## Task inputs

(* Let $d\in\mathbb{N}$, $d\geq 2$, $r>0$ and let $A\subseteq \mathbb{R}^{d}$ be $r$-separated. Then there exists a $16\max\{\frac{3d}{r},1\}$-bilipschitz mapping $\Phi\colon \mathbb{R}^{d}\to\mathbb{R}^{d}$ such that $\Phi(A)\subseteq \mathbb{Z}^{d}$.
   Context: $A$ is $r$-separated if $\|a-a'\|\geq r$ for all distinct $a,a'\in A$ (Euclidean norm). A mapping is $L$-bilipschitz if it is injective and both it and its inverse are $L$-Lipschitz. *)

theory Defs
  imports "HOL-Analysis.Analysis"
begin

definition r_separated :: "real \<Rightarrow> 'a::real_normed_vector set \<Rightarrow> bool" where
  "r_separated r A \<longleftrightarrow> (\<forall>a\<in>A. \<forall>a'\<in>A. a \<noteq> a' \<longrightarrow> norm (a - a') \<ge> r)"

definition bilipschitz :: "real \<Rightarrow> ('a::metric_space \<Rightarrow> 'b::metric_space) \<Rightarrow> bool" where
  "bilipschitz L f \<longleftrightarrow> inj f \<and> lipschitz_on L UNIV f \<and> lipschitz_on L (range f) (inv f)"

definition integer_lattice :: "(real ^ 'n) set" where
  "integer_lattice = {x. \<forall>i. x $ i \<in> \<int>}"

end

theory Submission
  imports Defs
begin

text \<open>Scaling by \<open>l = max (3d/r) 1\<close> makes the points \<open>3d\<close>-separated. Around each scaled point \<open>b\<close>
  a tent of radius \<open>3d/2\<close> moves \<open>b\<close> to the lattice point below it, a displacement of norm at
  most \<open>d\<close>. The tents have disjoint supports, so together they form a \<open>2/3\<close>-Lipschitz perturbation
  of the identity, and the identity plus such a perturbation is bilipschitz with constants
  \<open>5/3\<close> and \<open>3\<close>.\<close>

lemma r_separated_mono: "r_separated r A \<Longrightarrow> s \<le> r \<Longrightarrow> r_separated s A"
  unfolding r_separated_def by force

lemma r_separated_scaleR:
  assumes "r_separated r A" "l \<ge> 0"
  shows "r_separated (l * r) ((*\<^sub>R) l ` A)"
  using assms unfolding r_separated_def
  by (auto simp: scaleR_diff_right[symmetric] intro: mult_left_mono)

lemma r_separated_near_unique:
  assumes "r_separated (2 * R) B" "b \<in> B" "b' \<in> B" "dist x b < R" "dist x b' < R"
  shows "b = b'"
proof (rule ccontr)
  assume "b \<noteq> b'"
  then have "2 * R \<le> dist b b'"
    using assms(1-3) by (simp add: r_separated_def dist_norm)
  also have "\<dots> \<le> dist x b + dist x b'"
    by (rule dist_triangle3)
  finally show False
    using assms(4,5) by linarith
qed

text \<open>For \<open>2R\<close>-separated \<open>B\<close> the balls of radius \<open>R\<close> around the points of \<open>B\<close> are disjoint,
  so the point chosen by \<open>SOME\<close> is the unique one near \<open>x\<close>.\<close>
definition tent_map :: "real \<Rightarrow> 'a set \<Rightarrow> ('a \<Rightarrow> 'a) \<Rightarrow> 'a \<Rightarrow> 'a::real_normed_vector" where
  "tent_map R B w x =
    (if \<exists>b\<in>B. dist x b < R
     then let b = SOME b. b \<in> B \<and> dist x b < R in ((R - dist x b) / R) *\<^sub>R w b
     else 0)"

lemma tent_map_near:
  assumes "r_separated (2 * R) B" "b \<in> B" "dist x b < R"
  shows "tent_map R B w x = ((R - dist x b) / R) *\<^sub>R w b"
proof -
  have "(SOME b. b \<in> B \<and> dist x b < R) \<in> B \<and> dist x (SOME b. b \<in> B \<and> dist x b < R) < R"
    using assms(2,3) by (rule someI[of "\<lambda>b. b \<in> B \<and> dist x b < R", OF conjI])
  then have "(SOME b. b \<in> B \<and> dist x b < R) = b"
    using r_separated_near_unique[OF assms(1) _ assms(2) _ assms(3)] by blast
  then show ?thesis
    using assms(2,3) by (auto simp: tent_map_def)
qed

lemma tent_map_far: "\<not> (\<exists>b\<in>B. dist x b < R) \<Longrightarrow> tent_map R B w x = 0"
  by (simp add: tent_map_def)

lemma norm_tent_map_near_le:
  assumes "r_separated (2 * R) B" "\<forall>b\<in>B. norm (w b) \<le> M" "b \<in> B" "dist x b < R"
  shows "norm (tent_map R B w x) \<le> M / R * (R - dist x b)"
proof -
  have "R > 0"
    using assms(4) zero_le_dist[of x b] by linarith
  then have "norm (tent_map R B w x) = (R - dist x b) / R * norm (w b)"
    using assms(4) by (simp add: tent_map_near[OF assms(1,3,4)])
  also have "\<dots> \<le> (R - dist x b) / R * M"
    using assms(2,3) \<open>R > 0\<close> \<open>dist x b < R\<close> by (intro mult_left_mono) auto
  finally show ?thesis
    by (simp add: mult.commute)
qed

lemma tent_map_dist_le_near:
  assumes sep: "r_separated (2 * R) B" and R: "R > 0" and w: "\<forall>b\<in>B. norm (w b) \<le> M"
    and b: "b \<in> B" "dist x b < R"
  shows "dist (tent_map R B w x) (tent_map R B w y) \<le> M / R * dist x y"
proof -
  let ?T = "tent_map R B w"
  have "M \<ge> 0"
    using w b by (meson norm_ge_zero order_trans)
  then have M: "M / R \<ge> 0"
    using R by simp
  have Tx: "norm (?T x) \<le> M / R * (R - dist x b)"
    using norm_tent_map_near_le[OF sep w b] .
  consider "dist y b < R" | b' where "b' \<in> B" "b' \<noteq> b" "dist y b' < R" | "\<not> (\<exists>b\<in>B. dist y b < R)"
    by blast
  then show ?thesis
  proof cases
    case 1
    have "?T x - ?T y = ((dist y b - dist x b) / R) *\<^sub>R w b"
      using tent_map_near[OF sep b] tent_map_near[OF sep b(1) 1]
      by (simp add: diff_divide_distrib scaleR_diff_left)
    then have "dist (?T x) (?T y) = \<bar>dist y b - dist x b\<bar> / R * norm (w b)"
      using R by (simp add: dist_norm)
    also have "\<dots> \<le> dist x y / R * M"
      using w b R dist_triangle3[of y b x] dist_triangle3[of x b y] dist_commute[of x y]
      by (intro mult_mono divide_right_mono) auto
    finally show ?thesis
      by (simp add: mult.commute)
  next
    case (2 b')
    have "2 * R \<le> dist b b'"
      using sep b(1) 2 by (simp add: r_separated_def dist_norm)
    also have "\<dots> \<le> dist x b + dist x y + dist y b'"
      using dist_triangle3[of b b' x] dist_triangle[of x b' y] by linarith
    finally have gap: "(R - dist x b) + (R - dist y b') \<le> dist x y"
      by linarith
    have "dist (?T x) (?T y) \<le> norm (?T x) + norm (?T y)"
      by (simp add: dist_norm norm_triangle_ineq4)
    also have "\<dots> \<le> M / R * (R - dist x b) + M / R * (R - dist y b')"
      using Tx norm_tent_map_near_le[OF sep w 2(1,3)] by (rule add_mono)
    also have "\<dots> = M / R * ((R - dist x b) + (R - dist y b'))"
      by (rule distrib_left[symmetric])
    also have "\<dots> \<le> M / R * dist x y"
      using gap M by (rule mult_left_mono)
    finally show ?thesis .
  next
    case 3
    have "R \<le> dist y b"
      using 3 b(1) by auto
    also have "\<dots> \<le> dist x y + dist x b"
      by (rule dist_triangle3)
    finally have "R - dist x b \<le> dist x y"
      by linarith
    then show ?thesis
      using Tx M mult_left_mono[of "R - dist x b" "dist x y" "M / R"]
      by (simp add: tent_map_far[OF 3])
  qed
qed

lemma tent_map_lipschitz:
  assumes sep: "r_separated (2 * R) B" and R: "R > 0" and w: "\<forall>b\<in>B. norm (w b) \<le> M"
    and M: "M \<ge> 0"
  shows "(M / R)-lipschitz_on UNIV (tent_map R B w)"
proof (rule lipschitz_onI)
  fix x y
  show "dist (tent_map R B w x) (tent_map R B w y) \<le> M / R * dist x y"
  proof (cases "\<exists>b\<in>B. dist x b < R \<or> dist y b < R")
    case True
    then obtain b where b: "b \<in> B" and "dist x b < R \<or> dist y b < R"
      by blast
    then consider "dist x b < R" | "dist y b < R"
      by blast
    then show ?thesis
    proof cases
      case 2
      show ?thesis
        using tent_map_dist_le_near[OF sep R w b 2, of x] by (simp add: dist_commute)
    qed (rule tent_map_dist_le_near[OF sep R w b])
  next
    case False
    then show ?thesis
      using M R by (simp add: tent_map_far)
  qed
qed (use M R in simp)

lemma bilipschitzI:
  assumes "L \<ge> 0"
    and "\<And>x y. dist (f x) (f y) \<le> L * dist x y"
    and "\<And>x y. dist x y \<le> L * dist (f x) (f y)"
  shows "bilipschitz L f"
proof -
  have "inj f"
  proof (rule injI)
    fix x y
    assume "f x = f y"
    then show "x = y"
      using assms(3)[of x y] by simp
  qed
  moreover have "L-lipschitz_on (range f) (inv f)"
    by (rule lipschitz_onI) (auto simp: \<open>inj f\<close> assms(1,3))
  ultimately show ?thesis
    unfolding bilipschitz_def using assms(1,2) by (simp add: lipschitz_onI)
qed

lemma bilipschitz_scaled_perturbation:
  fixes g :: "'a::real_normed_vector \<Rightarrow> 'a"
  assumes g: "c-lipschitz_on UNIV g" and "c < 1" and "l > 0"
    and "l * (1 + c) \<le> L" and "1 \<le> L * l * (1 - c)"
  shows "bilipschitz L (\<lambda>x. l *\<^sub>R x + g (l *\<^sub>R x))"
proof (rule bilipschitzI)
  let ?\<Phi> = "\<lambda>x. l *\<^sub>R x + g (l *\<^sub>R x)"
  have c: "c \<ge> 0"
    using lipschitz_on_nonneg[OF g] .
  have scale: "dist (l *\<^sub>R x) (l *\<^sub>R y) = l * dist x y" for x y :: 'a
    using \<open>l > 0\<close> by (simp add: dist_norm flip: scaleR_diff_right)
  have g_le: "dist (g (l *\<^sub>R x)) (g (l *\<^sub>R y)) \<le> c * (l * dist x y)" for x y :: 'a
    using lipschitz_onD[OF g, of "l *\<^sub>R x" "l *\<^sub>R y"] by (simp add: scale)
  show "L \<ge> 0"
    using c \<open>l > 0\<close> assms(4) zero_le_mult_iff[of l "1 + c"] by linarith
  fix x y
  have "dist (?\<Phi> x) (?\<Phi> y) \<le> dist (l *\<^sub>R x) (l *\<^sub>R y) + dist (g (l *\<^sub>R x)) (g (l *\<^sub>R y))"
    by (rule dist_triangle_add)
  also have "\<dots> \<le> l * (1 + c) * dist x y"
    using g_le[of x y] by (simp add: scale algebra_simps)
  also have "\<dots> \<le> L * dist x y"
    using assms(4) by (simp add: mult_right_mono)
  finally show "dist (?\<Phi> x) (?\<Phi> y) \<le> L * dist x y" .
  have "l * dist x y = norm ((?\<Phi> x - ?\<Phi> y) - (g (l *\<^sub>R x) - g (l *\<^sub>R y)))"
    by (simp add: flip: scale) (simp add: dist_norm)
  also have "\<dots> \<le> dist (?\<Phi> x) (?\<Phi> y) + dist (g (l *\<^sub>R x)) (g (l *\<^sub>R y))"
    unfolding dist_norm by (rule norm_triangle_ineq4)
  finally have lower: "l * (1 - c) * dist x y \<le> dist (?\<Phi> x) (?\<Phi> y)"
    using g_le[of x y] by (simp add: algebra_simps)
  have "dist x y \<le> L * (l * (1 - c) * dist x y)"
    using mult_right_mono[OF assms(5) zero_le_dist[of x y]] by (simp add: mult.assoc)
  also have "\<dots> \<le> L * dist (?\<Phi> x) (?\<Phi> y)"
    using lower \<open>L \<ge> 0\<close> by (rule mult_left_mono)
  finally show "dist x y \<le> L * dist (?\<Phi> x) (?\<Phi> y)" .
qed

definition lattice_floor :: "real ^ 'n \<Rightarrow> real ^ 'n" where
  "lattice_floor x = (\<chi> i. of_int \<lfloor>x $ i\<rfloor>)"

lemma lattice_floor_in_integer_lattice: "lattice_floor x \<in> integer_lattice"
  by (simp add: lattice_floor_def integer_lattice_def)

lemma norm_lattice_floor_diff_le: "norm (lattice_floor x - x) \<le> real CARD('n)"
  for x :: "real ^ 'n"
proof -
  have "norm (lattice_floor x - x) \<le> (\<Sum>i\<in>UNIV. \<bar>(lattice_floor x - x) $ i\<bar>)"
    by (rule norm_le_l1_cart)
  also have "\<dots> \<le> (\<Sum>i\<in>(UNIV :: 'n set). 1)"
  proof (rule sum_mono)
    fix i
    have "(lattice_floor x - x) $ i = of_int \<lfloor>x $ i\<rfloor> - x $ i"
      by (simp add: lattice_floor_def)
    then show "\<bar>(lattice_floor x - x) $ i\<bar> \<le> 1"
      using of_int_floor_le[of "x $ i"] real_of_int_floor_add_one_gt[of "x $ i"] by linarith
  qed
  finally show ?thesis
    by simp
qed

theorem lemma4p1:
  fixes A :: "(real ^ 'n) set" and r :: real
  assumes "CARD('n) \<ge> 2" and "r > 0" and "r_separated r A"
  shows "\<exists>\<Phi> :: real ^ 'n \<Rightarrow> real ^ 'n.
           bilipschitz (16 * max (3 * real CARD('n) / r) 1) \<Phi> \<and> \<Phi> ` A \<subseteq> integer_lattice"
proof -
  define d where "d = real CARD('n)"
  define l where "l = max (3 * d / r) 1"
  define R where "R = 3 * d / 2"
  define T where "T = tent_map R ((*\<^sub>R) l ` A) (\<lambda>b. lattice_floor b - b)"
  define \<Phi> where "\<Phi> = (\<lambda>x. l *\<^sub>R x + T (l *\<^sub>R x))"
  have "d \<ge> 2" "l \<ge> 1"
    using assms(1) by (auto simp: d_def l_def)
  then have R: "R > 0" and "2 * R \<le> l * r"
    using assms(2) by (auto simp: R_def l_def field_simps max_def)
  moreover have "r_separated (l * r) ((*\<^sub>R) l ` A)"
    using r_separated_scaleR[OF assms(3)] \<open>l \<ge> 1\<close> by simp
  ultimately have sep: "r_separated (2 * R) ((*\<^sub>R) l ` A)"
    using r_separated_mono by blast
  have "(d / R)-lipschitz_on UNIV T"
    unfolding T_def using \<open>d \<ge> 2\<close> norm_lattice_floor_diff_le
    by (intro tent_map_lipschitz[OF sep R]) (auto simp: d_def)
  moreover have "d / R = 2 / 3"
    using \<open>d \<ge> 2\<close> by (simp add: R_def)
  ultimately have bil: "bilipschitz (16 * l) \<Phi>"
    unfolding \<Phi>_def using \<open>l \<ge> 1\<close>
    by (intro bilipschitz_scaled_perturbation) (auto intro: order_trans[of 1 l])
  have "\<Phi> a = lattice_floor (l *\<^sub>R a)" if "a \<in> A" for a
    using tent_map_near[OF sep imageI[OF that], of "l *\<^sub>R a"] R by (simp add: \<Phi>_def T_def)
  then have "\<Phi> ` A \<subseteq> integer_lattice"
    using lattice_floor_in_integer_lattice by auto
  with bil show ?thesis
    unfolding d_def l_def by blast
qed

end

## Your objective
Report each line of the entries where the word "points" occurs.

## Response to this task
text \<open>Scaling by \<open>l = max (3d/r) 1\<close> makes the points \<open>3d\<close>-separated. Around each scaled point \<open>b\<close>
text \<open>For \<open>2R\<close>-separated \<open>B\<close> the balls of radius \<open>R\<close> around the points of \<open>B\<close> are disjoint,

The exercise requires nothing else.